START RECORDS SUPPLIED
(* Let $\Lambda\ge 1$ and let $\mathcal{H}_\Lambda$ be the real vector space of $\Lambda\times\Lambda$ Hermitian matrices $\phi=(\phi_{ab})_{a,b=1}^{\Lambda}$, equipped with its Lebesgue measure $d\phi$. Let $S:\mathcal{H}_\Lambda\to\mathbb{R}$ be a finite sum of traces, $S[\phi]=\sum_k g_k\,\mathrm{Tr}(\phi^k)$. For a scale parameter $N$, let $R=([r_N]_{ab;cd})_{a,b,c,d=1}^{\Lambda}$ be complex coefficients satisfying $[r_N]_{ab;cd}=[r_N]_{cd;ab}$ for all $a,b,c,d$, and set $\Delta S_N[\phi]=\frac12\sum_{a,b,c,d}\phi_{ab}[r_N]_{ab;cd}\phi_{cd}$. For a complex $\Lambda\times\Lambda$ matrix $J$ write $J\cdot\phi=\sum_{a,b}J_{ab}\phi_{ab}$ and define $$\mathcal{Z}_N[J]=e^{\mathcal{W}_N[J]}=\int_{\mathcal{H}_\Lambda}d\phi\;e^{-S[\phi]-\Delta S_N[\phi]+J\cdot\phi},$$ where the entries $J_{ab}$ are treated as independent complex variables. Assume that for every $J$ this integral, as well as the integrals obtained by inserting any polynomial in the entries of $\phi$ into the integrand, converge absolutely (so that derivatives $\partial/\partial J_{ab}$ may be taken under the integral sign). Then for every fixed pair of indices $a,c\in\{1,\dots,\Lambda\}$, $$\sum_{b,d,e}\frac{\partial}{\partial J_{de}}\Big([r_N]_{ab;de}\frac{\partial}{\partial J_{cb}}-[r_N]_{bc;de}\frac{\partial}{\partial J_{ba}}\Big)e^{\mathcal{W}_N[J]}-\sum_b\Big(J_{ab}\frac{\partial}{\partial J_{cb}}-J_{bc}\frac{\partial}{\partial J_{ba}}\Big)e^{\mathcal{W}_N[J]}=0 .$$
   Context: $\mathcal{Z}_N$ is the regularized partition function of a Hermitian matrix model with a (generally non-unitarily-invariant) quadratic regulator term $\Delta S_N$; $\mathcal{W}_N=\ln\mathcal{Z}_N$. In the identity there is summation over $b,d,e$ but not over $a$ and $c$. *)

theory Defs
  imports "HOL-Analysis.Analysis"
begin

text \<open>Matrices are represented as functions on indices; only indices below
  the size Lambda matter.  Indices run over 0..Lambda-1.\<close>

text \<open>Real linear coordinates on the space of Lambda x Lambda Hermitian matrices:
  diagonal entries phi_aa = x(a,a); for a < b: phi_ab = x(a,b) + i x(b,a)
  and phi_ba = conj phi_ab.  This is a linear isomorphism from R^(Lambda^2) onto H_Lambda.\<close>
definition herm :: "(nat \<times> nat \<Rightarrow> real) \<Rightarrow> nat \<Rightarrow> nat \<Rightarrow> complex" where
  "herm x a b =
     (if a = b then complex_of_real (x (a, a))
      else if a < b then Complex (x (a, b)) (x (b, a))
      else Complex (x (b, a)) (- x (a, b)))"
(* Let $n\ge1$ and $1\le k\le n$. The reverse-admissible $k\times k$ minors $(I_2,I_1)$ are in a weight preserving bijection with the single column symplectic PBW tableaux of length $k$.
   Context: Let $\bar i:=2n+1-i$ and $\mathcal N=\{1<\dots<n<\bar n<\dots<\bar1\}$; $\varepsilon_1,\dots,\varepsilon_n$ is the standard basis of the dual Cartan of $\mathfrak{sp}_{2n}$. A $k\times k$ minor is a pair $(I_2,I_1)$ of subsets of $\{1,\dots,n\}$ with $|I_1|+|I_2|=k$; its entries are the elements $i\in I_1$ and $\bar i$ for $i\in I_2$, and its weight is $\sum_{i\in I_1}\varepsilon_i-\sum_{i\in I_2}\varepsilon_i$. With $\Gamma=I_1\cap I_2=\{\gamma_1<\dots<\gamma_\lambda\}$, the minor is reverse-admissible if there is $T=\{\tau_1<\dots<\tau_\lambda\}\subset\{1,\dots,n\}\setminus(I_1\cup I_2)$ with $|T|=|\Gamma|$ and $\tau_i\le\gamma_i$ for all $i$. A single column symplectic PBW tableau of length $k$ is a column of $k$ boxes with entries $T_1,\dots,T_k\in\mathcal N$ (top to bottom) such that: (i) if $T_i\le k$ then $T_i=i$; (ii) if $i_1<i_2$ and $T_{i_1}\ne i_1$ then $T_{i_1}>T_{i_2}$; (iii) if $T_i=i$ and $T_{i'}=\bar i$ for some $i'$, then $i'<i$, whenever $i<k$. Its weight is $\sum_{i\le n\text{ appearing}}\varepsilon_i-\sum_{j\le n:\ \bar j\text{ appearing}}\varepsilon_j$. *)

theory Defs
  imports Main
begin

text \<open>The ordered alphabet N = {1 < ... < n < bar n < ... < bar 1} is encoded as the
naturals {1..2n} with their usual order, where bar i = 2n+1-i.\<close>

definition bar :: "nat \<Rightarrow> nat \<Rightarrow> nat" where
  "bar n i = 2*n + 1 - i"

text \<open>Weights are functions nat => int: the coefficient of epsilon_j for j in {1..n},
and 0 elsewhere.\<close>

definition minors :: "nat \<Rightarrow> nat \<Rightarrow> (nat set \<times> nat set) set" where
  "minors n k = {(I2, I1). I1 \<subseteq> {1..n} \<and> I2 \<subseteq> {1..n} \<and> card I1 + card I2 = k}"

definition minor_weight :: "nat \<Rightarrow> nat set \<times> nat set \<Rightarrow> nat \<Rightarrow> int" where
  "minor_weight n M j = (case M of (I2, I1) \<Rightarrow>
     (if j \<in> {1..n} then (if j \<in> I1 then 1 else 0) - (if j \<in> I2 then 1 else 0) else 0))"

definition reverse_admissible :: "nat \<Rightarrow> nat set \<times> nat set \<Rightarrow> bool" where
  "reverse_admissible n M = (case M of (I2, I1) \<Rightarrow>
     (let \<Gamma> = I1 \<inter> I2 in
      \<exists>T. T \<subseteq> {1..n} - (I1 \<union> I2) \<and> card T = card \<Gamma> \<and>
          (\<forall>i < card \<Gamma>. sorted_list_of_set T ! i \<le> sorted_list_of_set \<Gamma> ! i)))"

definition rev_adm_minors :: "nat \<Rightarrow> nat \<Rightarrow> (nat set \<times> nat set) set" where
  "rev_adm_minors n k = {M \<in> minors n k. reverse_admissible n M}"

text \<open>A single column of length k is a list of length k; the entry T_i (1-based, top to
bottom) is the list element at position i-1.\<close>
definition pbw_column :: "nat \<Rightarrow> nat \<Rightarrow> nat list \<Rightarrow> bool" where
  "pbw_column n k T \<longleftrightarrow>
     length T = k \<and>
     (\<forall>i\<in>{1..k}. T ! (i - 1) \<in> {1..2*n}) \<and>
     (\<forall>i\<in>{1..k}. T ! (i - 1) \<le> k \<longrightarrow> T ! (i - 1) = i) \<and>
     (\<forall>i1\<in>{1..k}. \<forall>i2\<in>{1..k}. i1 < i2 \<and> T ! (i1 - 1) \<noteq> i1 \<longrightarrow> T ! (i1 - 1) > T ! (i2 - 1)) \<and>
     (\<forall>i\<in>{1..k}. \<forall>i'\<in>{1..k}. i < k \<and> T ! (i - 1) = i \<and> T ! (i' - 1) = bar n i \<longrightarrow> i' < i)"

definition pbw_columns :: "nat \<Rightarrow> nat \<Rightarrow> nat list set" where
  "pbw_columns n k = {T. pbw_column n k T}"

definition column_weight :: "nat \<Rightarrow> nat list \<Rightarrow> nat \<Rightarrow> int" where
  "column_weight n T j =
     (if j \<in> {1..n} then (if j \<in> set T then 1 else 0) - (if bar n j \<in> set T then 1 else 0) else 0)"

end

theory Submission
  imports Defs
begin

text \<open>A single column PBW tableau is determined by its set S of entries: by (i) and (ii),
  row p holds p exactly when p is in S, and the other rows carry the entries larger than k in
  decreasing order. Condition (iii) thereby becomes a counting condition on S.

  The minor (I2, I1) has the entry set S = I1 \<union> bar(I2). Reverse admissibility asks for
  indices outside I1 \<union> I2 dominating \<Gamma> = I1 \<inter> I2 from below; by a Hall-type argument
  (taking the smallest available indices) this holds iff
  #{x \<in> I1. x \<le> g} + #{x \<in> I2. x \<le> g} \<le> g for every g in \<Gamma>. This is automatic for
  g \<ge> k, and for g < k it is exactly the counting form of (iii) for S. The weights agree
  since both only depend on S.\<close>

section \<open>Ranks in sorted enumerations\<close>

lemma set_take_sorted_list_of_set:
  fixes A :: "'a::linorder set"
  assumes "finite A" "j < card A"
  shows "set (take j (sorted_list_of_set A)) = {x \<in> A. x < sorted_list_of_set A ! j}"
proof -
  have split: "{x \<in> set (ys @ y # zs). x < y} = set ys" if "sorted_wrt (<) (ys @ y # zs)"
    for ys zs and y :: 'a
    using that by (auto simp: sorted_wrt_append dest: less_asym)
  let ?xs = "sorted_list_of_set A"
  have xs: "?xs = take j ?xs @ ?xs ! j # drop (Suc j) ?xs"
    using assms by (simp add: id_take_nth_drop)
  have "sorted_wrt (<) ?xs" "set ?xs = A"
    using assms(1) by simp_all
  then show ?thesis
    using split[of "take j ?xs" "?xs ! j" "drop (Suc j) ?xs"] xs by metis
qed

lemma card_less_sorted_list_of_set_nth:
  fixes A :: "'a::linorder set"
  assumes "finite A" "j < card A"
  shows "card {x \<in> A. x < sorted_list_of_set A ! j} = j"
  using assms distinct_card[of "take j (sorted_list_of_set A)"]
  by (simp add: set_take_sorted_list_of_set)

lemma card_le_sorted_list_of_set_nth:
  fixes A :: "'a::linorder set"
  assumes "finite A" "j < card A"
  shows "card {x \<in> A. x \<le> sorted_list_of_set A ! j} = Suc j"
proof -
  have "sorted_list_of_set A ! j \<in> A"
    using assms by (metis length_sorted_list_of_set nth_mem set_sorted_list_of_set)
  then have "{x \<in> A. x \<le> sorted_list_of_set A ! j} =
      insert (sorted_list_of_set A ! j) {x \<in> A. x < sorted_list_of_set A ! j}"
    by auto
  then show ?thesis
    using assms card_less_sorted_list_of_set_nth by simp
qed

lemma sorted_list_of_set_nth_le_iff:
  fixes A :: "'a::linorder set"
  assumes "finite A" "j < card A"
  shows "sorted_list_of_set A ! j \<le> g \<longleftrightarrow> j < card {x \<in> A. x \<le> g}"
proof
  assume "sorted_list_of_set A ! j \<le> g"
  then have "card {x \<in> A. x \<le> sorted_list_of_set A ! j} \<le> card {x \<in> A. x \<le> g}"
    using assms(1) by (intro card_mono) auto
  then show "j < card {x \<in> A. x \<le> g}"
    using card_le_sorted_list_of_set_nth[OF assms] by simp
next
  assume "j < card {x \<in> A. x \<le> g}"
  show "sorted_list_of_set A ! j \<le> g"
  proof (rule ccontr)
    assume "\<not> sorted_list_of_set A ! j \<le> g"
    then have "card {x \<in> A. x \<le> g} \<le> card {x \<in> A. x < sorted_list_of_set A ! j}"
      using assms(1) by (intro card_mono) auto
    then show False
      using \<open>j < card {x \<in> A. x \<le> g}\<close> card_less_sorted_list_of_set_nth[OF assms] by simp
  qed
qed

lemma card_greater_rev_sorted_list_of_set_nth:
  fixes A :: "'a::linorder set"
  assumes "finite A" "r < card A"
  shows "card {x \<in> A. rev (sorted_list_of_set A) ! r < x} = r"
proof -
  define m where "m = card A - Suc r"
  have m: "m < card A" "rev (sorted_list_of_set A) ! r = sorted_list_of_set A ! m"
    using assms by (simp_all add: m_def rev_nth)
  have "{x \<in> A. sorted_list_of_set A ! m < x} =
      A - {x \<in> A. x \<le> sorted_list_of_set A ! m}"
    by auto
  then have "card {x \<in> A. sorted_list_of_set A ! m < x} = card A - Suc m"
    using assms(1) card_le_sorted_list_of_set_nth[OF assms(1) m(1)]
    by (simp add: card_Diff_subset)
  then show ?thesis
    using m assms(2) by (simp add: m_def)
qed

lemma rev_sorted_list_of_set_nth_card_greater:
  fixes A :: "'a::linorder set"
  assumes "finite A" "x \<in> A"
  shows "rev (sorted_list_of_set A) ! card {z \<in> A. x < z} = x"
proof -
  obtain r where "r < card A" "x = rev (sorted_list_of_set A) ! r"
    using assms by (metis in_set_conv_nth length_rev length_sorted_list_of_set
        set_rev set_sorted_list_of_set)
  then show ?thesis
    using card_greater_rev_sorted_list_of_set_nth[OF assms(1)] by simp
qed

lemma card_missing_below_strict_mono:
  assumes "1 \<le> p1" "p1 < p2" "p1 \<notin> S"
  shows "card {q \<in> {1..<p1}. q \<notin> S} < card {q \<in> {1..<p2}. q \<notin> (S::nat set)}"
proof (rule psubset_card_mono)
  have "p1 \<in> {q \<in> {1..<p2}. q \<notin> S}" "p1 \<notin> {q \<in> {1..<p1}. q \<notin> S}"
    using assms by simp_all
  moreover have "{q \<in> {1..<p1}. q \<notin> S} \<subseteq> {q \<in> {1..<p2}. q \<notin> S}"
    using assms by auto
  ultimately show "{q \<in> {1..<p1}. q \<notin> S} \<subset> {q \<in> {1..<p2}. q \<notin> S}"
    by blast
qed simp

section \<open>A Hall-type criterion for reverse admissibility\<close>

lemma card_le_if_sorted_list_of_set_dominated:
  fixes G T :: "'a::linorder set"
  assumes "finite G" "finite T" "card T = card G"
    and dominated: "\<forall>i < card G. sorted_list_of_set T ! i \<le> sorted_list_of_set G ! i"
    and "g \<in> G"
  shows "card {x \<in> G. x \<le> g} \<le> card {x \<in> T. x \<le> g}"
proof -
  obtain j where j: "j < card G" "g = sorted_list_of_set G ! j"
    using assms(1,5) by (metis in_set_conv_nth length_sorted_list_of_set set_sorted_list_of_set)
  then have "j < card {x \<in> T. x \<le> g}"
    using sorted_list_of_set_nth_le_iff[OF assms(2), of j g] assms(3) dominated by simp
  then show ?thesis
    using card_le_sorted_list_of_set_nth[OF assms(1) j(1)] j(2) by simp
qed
END RECORDS SUPPLIED
## WHAT THE TASK REQUIRES
Using the material above, find each line that holds "lemma" and copy that line.

## TASK SOLUTION
lemma set_take_sorted_list_of_set:
lemma card_less_sorted_list_of_set_nth:
lemma card_le_sorted_list_of_set_nth:
lemma sorted_list_of_set_nth_le_iff:
lemma card_greater_rev_sorted_list_of_set_nth:
lemma rev_sorted_list_of_set_nth_card_greater:
lemma card_missing_below_strict_mono:
lemma card_le_if_sorted_list_of_set_dominated:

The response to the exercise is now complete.